Often times, we browse the internet and come across something that sounds too good to be true. We download it, and all of a sudden now our computer is acting strange. Viruses, trojans, malware, adware, spyware, the list goes on and on.
Protecting yourself from attacks is crucial in order to prevent these intrusions. Unfortunately, even the most robust antivirus programs and firewalls fail in certain circumstances. The newest malicious exploit can sometimes take programs such as Norton AntiVIrus or McAfee weeks to issue a patch. More often than not, solo developers with technology savvy backgrounds are the ones to solve the problem first. FireFox and Internet Explorer are two examples of programs that have been patched by individuals first before their software industry counterparts.
If your browser’s homepage has been hijacked, you’re in luck. This is an old exploit and is easily fixed. The threat level is very low, and since the homepage is actually stored in a small text file (Firefox) or the Windows registry (Internet Explorer), you don’t usually need more than a few clicks to reset it back to whatever it was before. More often than not, the only thing that was compromised was the homepage so it’s nothing more than a slight annoyance.
What if that’s not the case? What if you reset the homepage and then the next time you open the browser, it’s been hijacked again? Well, there’s a fix for that too.
The tool you’re going to need is called the Homepage Recovery Tool.
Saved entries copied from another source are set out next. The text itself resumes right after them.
(* Let $f\in V\hat{A}$. Let $s_0\in\mathrm{Sing}(f)$, and let $O=\{f^i(s_0):i\in\mathbb Z\}$ be its orbit. Suppose $s_0$ is the only singularity of $f$ lying in $O$, and write $s_i=f^i(s_0)$. (a) If $O$ is infinite, then $\mathrm{Sing}(f^n)\cap O=\{s_{-n+1},\dots,s_{-1},s_0\}$ for every $n\ge1$. In particular, $f$ has infinite order and $|\mathrm{Sing}(f^n)|\ge n$ for all $n\ge1$. (b) If $O$ is finite of cardinality $m$, then $\mathrm{Sing}(f^n)\cap O=\{s_{-n+1},\dots,s_0\}$ for $1\le n\le m$. In particular, $s_0$ is a singularity of $f^m$ that is fixed by $f^m$.
   Context: Let $\mathfrak C=\{0,1\}^{\mathbb N}$ be the Cantor set, with points labelled by numbers in $[0,1]$ via binary expansion. A dyadic $p\in(0,1)$ corresponds to two points: $p^-$ (binary expansion eventually $1$) and $p^+$ (binary expansion eventually $0$). The Belk–Hyde–Matucci group $V\hat{A}$ is the group of bijections $f$ of $\mathfrak C$ such that: - $f$ (drawn as a map on $[0,1]$) is piecewise linear with slopes powers of $2$ and pieces beginning and ending at points with dyadic coordinates, where breakpoints may accumulate only at finitely many points, called the singularities of $f$; - each singularity has the form $p^\pm$ with $p$ dyadic, and its image has the form $q^\pm$ with the same sign; - on a sufficiently small one-sided neighborhood of a singularity $p^\pm$ with $f(p^\pm)=q^\pm$, $f$ is continuous and satisfies $f\circ L_p=L_q\circ f$, where $L_r(x)=2(x-r)+r$. $\mathrm{Sing}(f)$ denotes the finite set of singularities of $f$. Products are written as $fg=g\circ f$. *)

theory Defs
  imports Main
begin

text \<open>Points of the Cantor set are infinite binary sequences; bit i is the (i+1)-st
binary digit of the coordinate in [0,1].\<close>
type_synonym cantor = "nat \<Rightarrow> bool"

definition cat :: "bool list \<Rightarrow> cantor \<Rightarrow> cantor" where
  "cat u w = (\<lambda>i. if i < length u then u ! i else w (i - length u))"

definition has_prefix :: "cantor \<Rightarrow> bool list \<Rightarrow> bool" where
  "has_prefix x u \<longleftrightarrow> (\<forall>i < length u. x i = u ! i)"

text \<open>f is locally linear with slope a power of 2 and dyadic pieces near x:
  on some cylinder neighbourhood [u] of x, f acts as the prefix replacement uw \<mapsto> vw.\<close>
definition loc_linear :: "(cantor \<Rightarrow> cantor) \<Rightarrow> cantor \<Rightarrow> bool" where
  "loc_linear f x \<longleftrightarrow> (\<exists>u v. has_prefix x u \<and> (\<forall>w. f (cat u w) = cat v w))"

text \<open>Singularities: points at which breakpoints accumulate, i.e. points with no
  neighbourhood on which f is linear.\<close>
definition Sing :: "(cantor \<Rightarrow> cantor) \<Rightarrow> cantor set" where
  "Sing f = {x. \<not> loc_linear f x}"

text \<open>Dyadic points p^\<plusminus>, p \<in> (0,1): eventually constant, but not constant.\<close>
definition ev_const :: "cantor \<Rightarrow> bool" where
  "ev_const s \<longleftrightarrow> (\<exists>n. \<forall>i\<ge>n. s i = s n)"

definition dyadic_pt :: "cantor \<Rightarrow> bool" where
  "dyadic_pt s \<longleftrightarrow> ev_const s \<and> \<not> (\<forall>i. s i = s 0)"

definition tailstart :: "cantor \<Rightarrow> nat" where
  "tailstart s = (LEAST n. \<forall>i\<ge>n. s i = s n)"

text \<open>The sign of a dyadic point: True for p^- (eventually 1), False for p^+.\<close>
definition tailbit :: "cantor \<Rightarrow> bool" where
  "tailbit s = s (tailstart s)"

text \<open>The map L_p(x) = 2(x-p)+p near s = p^\<plusminus>: writing s = u c c c ..., with u not
  ending in c, it is u c w \<mapsto> u w (deletion of the digit at position |u|).\<close>
definition Lmap :: "cantor \<Rightarrow> cantor \<Rightarrow> cantor" where
  "Lmap s x = (\<lambda>i. if i < tailstart s then x i else x (Suc i))"

definition cont_at :: "(cantor \<Rightarrow> cantor) \<Rightarrow> cantor \<Rightarrow> bool" where
  "cont_at f x \<longleftrightarrow> (\<forall>m. \<exists>n. \<forall>y. (\<forall>i<n. y i = x i) \<longrightarrow> (\<forall>i<m. f y i = f x i))"

definition VA :: "(cantor \<Rightarrow> cantor) \<Rightarrow> bool" where
  "VA f \<longleftrightarrow> bij f \<and> finite (Sing f) \<and>
     (\<forall>s \<in> Sing f. dyadic_pt s \<and> dyadic_pt (f s) \<and> tailbit (f s) = tailbit s \<and>
        (\<exists>n. \<forall>x. (\<forall>i<n. x i = s i) \<longrightarrow>
              cont_at f x \<and> f (Lmap s x) = Lmap (f s) (f x)))"

definition fpow :: "(cantor \<Rightarrow> cantor) \<Rightarrow> int \<Rightarrow> cantor \<Rightarrow> cantor" where
  "fpow f i = (if 0 \<le> i then f ^^ nat i else (inv f) ^^ nat (- i))"

definition orbit :: "(cantor \<Rightarrow> cantor) \<Rightarrow> cantor \<Rightarrow> cantor set" where
  "orbit f s = {fpow f i s | i. True}"

end

theory Submission
  imports Defs
begin

text \<open>A point x is singular for f^n only if some point x, f x, ..., f^(n-1) x of its
trajectory is singular for f, since locally linear maps compose. Conversely, if exactly
one point f^k x of the trajectory is singular, then x is singular for f^n: locally linear
injective maps can be cancelled from both sides of f^n = f^(n-k-1) \<circ> f \<circ> f^k.
On the orbit of s0 the only singularity of f is s0, and as long as n does not exceed the
period the trajectory of s_j meets s0 at most once, namely iff -n < j \<le> 0.\<close>

lemma cat_append: "cat u (cat t w) = cat (u @ t) w"
  by (auto simp: cat_def nth_append fun_eq_iff)

lemma cat_length_plus: "cat u w (length u + i) = w i"
  by (simp add: cat_def)

lemma has_prefix_cat_append: "has_prefix (cat u w) (u @ t) \<longleftrightarrow> has_prefix w t"
proof
  assume "has_prefix (cat u w) (u @ t)"
  then show "has_prefix w t"
    unfolding has_prefix_def
    by (metis cat_length_plus length_append nat_add_left_cancel_less nth_append_length_plus)
next
  assume "has_prefix w t"
  then show "has_prefix (cat u w) (u @ t)"
    unfolding has_prefix_def cat_def by (auto simp: nth_append)
qed

lemma has_prefix_cat: "has_prefix (cat u w) u"
  using has_prefix_cat_append[of u w "[]"] by (simp add: has_prefix_def)

lemma cat_drop_prefix: "has_prefix x u \<Longrightarrow> x = cat u (\<lambda>i. x (i + length u))"
  by (auto simp: has_prefix_def cat_def fun_eq_iff)
lemma summable_alternating_shifted_harmonic:
  assumes "\<mu> > -1"
  shows "summable (\<lambda>k. (-1) ^ k * (1 / (real k + 1 + \<mu>)))"
proof (rule summable_Leibniz'(1))
  have "filterlim (\<lambda>k. (1 + \<mu>) + real k) at_top sequentially"
    by (rule filterlim_tendsto_add_at_top[OF tendsto_const filterlim_real_sequentially])
  then show "(\<lambda>k. 1 / (real k + 1 + \<mu>)) \<longlonglongrightarrow> 0"
    by (intro tendsto_divide_0[OF tendsto_const] filterlim_at_top_imp_at_infinity) (simp add: algebra_simps)
  show "0 \<le> 1 / (real k + 1 + \<mu>)" for k
    using assms by simp
  show "1 / (real (Suc k) + 1 + \<mu>) \<le> 1 / (real k + 1 + \<mu>)" for k
    using assms by (intro divide_left_mono) auto
qed

lemma cos_Suc_pi_div: "cos (real (Suc k) * pi) / (real (Suc k) + \<mu>) = - ((-1) ^ k * (1 / (real k + 1 + \<mu>)))"
  by (simp only: cos_npi) (simp add: add.commute)

lemma FJ_T_pi_sums:
  assumes "\<mu> > -1"
  shows "(\<lambda>k. cos (real (Suc k) * pi) / (real (Suc k) + \<mu>)) sums FJ_T pi \<mu>"
  unfolding FJ_T_def cos_Suc_pi_div
  using summable_minus[OF summable_alternating_shifted_harmonic[OF assms]] by (simp add: summable_sums)

lemma FJ_T_pi_eq_S_half_pi:
  assumes "\<mu> > -1"
  shows "FJ_T pi \<mu> = - S_half_pi (2 * \<mu> + 1)"
proof -
  note summable = summable_alternating_shifted_harmonic[OF assms]
  have "S_half_pi (2 * \<mu> + 1) = 2 * (\<Sum>k. 1 / 2 * ((-1) ^ k * (1 / (real k + 1 + \<mu>))))"
    unfolding S_half_pi_def by (simp add: field_simps)
  also have "\<dots> = (\<Sum>k. (-1) ^ k * (1 / (real k + 1 + \<mu>)))"
    using suminf_mult[OF summable, of "1 / 2"] by simp
  finally show ?thesis
    unfolding FJ_T_def cos_Suc_pi_div using suminf_minus[OF summable] by simp
qed
lemma ordered_pval_le_iff:
  "i < K \<Longrightarrow> ordered_pval K p i \<le> c \<longleftrightarrow> i < card {k. k < K \<and> p k \<le> c}"
proof -
  assume "i < K"
  then have "ordered_pval K p i \<le> c \<longleftrightarrow> i < length (filter (\<lambda>y. y \<le> c) (sort (map p [0..<K])))"
    unfolding ordered_pval_def by (intro sorted_nth_le_iff_less_length_filter) auto
  also have "length (filter (\<lambda>y. y \<le> c) (sort (map p [0..<K]))) = length (filter (\<lambda>y. y \<le> c) (map p [0..<K]))"
    by (metis mset_filter mset_sort size_mset)
  also have "\<dots> = card {k. k < K \<and> p k \<le> c}"
    unfolding length_filter_conv_card by (intro arg_cong[where f=card]) auto
  finally show ?thesis .
qed

lemma borel_measurable_ordered_pval [measurable]:
  assumes "i < K"
  shows "(\<lambda>u. ordered_pval K u i) \<in> borel_measurable (Pi\<^sub>M {..<K} (\<lambda>_. borel))"
proof (subst borel_measurable_iff_le, intro allI)
  fix c :: real
  have "real (card {k. k < K \<and> u k \<le> c}) = (\<Sum>k<K. if u k \<le> c then 1 else 0)" for u
    by (simp add: sum.If_cases Collect_conj_eq lessThan_def Int_commute)
  then have "{u \<in> space (Pi\<^sub>M {..<K} (\<lambda>_. borel)). ordered_pval K u i \<le> c} =
             {u \<in> space (Pi\<^sub>M {..<K} (\<lambda>_. borel)). real i < (\<Sum>k<K. if u k \<le> c then 1 else 0)}"
    using ordered_pval_le_iff[OF assms] by (metis (no_types, lifting) of_nat_less_iff)
  also have "\<dots> \<in> sets (Pi\<^sub>M {..<K} (\<lambda>_. borel))"
    by measurable
  finally show "{u \<in> space (Pi\<^sub>M {..<K} (\<lambda>_. borel)). ordered_pval K u i \<le> c} \<in> sets (Pi\<^sub>M {..<K} (\<lambda>_. borel))" .
qed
It’s a small piece of freeware that has a nifty little feature to override unauthorized homepage changes. Follow these three steps to retrieve your hijacked homepage:
Step 1: Download the Homepage Recovery Tool, and be sure it is running.
Step 2: You have two options here. You can click the RECOVER button, and the program will try and recover the previous homepage you had before it was hijacked. This doesn’t always work, but it is worth a shot. If it works, copy and paste that URL into the RESET NEW HOMEPAGE text box.
Step 3: In the OPTIONS section, check the DISALLOW UNAUTHORIZED CHANGES TO HOMEPAGE and select your browser. If you’ve been hijacked on both Internet Explorer and Firefox, simply select one of them, click RESET, and then click the other and RESET that one.
Note: Be sure you have fully closed out of any instances of your web browser before running this program; otherwise it may not work correctly.
The Homepage Recovery Tool makes the process of retrieving a hijacked homepage a piece of cake. Again, this is an old technique and is not as dangerous as it once was. In the past, internet browsers were much more vulnerable, but today this little issue can be solved with a simple tool.